| EXERCISE |
Would you count the lines in the entries below that contain "Some"? Reply with the number only.
+--
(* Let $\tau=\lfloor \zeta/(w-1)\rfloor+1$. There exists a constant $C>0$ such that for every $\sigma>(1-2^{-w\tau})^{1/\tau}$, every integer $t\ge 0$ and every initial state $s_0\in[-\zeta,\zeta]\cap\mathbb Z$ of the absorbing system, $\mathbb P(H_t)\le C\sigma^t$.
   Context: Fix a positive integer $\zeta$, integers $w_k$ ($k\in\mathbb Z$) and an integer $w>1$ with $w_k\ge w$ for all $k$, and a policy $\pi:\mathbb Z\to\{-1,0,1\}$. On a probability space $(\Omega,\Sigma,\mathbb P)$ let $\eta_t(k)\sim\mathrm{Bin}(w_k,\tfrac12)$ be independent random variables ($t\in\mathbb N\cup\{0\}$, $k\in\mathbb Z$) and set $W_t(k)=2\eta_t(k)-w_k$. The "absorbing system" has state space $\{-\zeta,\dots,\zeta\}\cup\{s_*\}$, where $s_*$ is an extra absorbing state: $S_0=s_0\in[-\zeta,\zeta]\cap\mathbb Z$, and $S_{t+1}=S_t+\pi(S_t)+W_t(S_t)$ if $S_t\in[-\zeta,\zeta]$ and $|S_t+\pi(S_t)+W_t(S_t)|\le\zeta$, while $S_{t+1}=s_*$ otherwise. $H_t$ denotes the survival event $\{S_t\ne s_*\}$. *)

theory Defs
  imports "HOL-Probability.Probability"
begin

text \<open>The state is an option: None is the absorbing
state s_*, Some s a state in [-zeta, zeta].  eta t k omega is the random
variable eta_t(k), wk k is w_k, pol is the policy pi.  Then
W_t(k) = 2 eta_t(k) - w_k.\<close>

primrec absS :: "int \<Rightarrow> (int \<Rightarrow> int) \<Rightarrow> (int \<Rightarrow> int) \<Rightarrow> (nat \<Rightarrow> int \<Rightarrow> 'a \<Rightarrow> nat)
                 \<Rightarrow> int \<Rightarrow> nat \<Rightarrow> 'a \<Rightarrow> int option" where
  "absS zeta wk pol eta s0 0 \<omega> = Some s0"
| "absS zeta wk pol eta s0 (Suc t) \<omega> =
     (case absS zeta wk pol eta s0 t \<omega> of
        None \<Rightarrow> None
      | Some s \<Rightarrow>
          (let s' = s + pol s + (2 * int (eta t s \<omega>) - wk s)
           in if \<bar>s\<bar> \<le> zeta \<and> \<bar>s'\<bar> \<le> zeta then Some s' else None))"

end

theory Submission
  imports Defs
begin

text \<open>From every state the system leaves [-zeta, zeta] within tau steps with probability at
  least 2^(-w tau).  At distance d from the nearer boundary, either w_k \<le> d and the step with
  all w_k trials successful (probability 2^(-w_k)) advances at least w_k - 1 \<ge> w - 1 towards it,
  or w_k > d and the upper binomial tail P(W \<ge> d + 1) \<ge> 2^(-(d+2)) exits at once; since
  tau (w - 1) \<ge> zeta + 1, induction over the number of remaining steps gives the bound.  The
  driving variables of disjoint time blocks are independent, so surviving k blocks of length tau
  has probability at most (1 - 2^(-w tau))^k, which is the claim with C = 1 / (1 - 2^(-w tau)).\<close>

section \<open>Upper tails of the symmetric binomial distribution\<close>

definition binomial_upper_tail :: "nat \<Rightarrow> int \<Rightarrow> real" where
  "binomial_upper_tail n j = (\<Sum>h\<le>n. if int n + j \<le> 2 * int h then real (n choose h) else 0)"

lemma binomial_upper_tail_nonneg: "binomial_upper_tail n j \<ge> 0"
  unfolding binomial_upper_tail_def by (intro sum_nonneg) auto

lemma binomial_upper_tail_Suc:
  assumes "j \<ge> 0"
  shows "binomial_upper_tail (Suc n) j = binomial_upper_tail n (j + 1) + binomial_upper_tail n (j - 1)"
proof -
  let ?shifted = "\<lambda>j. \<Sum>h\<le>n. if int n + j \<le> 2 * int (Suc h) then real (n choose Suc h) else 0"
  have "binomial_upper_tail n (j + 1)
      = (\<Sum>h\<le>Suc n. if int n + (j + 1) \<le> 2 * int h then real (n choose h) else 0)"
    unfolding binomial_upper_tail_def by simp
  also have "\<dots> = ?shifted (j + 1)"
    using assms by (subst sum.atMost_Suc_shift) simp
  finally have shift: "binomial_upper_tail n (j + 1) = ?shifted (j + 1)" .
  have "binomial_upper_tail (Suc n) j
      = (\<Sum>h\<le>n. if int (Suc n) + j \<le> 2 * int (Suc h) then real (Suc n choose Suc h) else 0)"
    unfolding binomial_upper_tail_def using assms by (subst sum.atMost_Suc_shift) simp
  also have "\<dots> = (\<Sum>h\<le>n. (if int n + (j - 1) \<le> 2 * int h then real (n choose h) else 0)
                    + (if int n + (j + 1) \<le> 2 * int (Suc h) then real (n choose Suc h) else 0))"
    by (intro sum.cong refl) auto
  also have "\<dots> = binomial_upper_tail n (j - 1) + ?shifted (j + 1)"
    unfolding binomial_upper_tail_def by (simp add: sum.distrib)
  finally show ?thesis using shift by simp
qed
+--
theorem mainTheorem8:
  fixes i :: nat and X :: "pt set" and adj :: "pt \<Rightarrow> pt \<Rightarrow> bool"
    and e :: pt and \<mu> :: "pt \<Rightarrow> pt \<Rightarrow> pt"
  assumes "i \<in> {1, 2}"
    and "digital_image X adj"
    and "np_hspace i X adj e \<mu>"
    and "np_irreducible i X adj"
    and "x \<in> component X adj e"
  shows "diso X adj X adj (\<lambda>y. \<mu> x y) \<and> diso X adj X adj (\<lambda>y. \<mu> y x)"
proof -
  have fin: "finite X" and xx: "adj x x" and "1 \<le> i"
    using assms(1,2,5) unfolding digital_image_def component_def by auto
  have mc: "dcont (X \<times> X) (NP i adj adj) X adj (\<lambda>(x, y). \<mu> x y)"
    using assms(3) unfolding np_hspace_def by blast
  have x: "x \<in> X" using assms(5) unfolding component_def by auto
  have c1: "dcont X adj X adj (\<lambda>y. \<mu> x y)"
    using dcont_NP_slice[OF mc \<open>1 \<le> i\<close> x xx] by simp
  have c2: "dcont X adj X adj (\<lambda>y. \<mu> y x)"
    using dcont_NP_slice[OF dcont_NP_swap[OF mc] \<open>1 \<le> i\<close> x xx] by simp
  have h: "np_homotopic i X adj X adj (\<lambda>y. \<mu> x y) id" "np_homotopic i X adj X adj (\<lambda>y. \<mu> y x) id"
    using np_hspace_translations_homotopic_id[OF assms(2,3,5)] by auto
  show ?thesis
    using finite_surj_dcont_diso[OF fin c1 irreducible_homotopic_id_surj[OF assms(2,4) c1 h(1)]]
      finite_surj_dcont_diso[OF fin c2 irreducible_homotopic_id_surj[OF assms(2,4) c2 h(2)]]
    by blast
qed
+--
| ANSWER SPACE |
4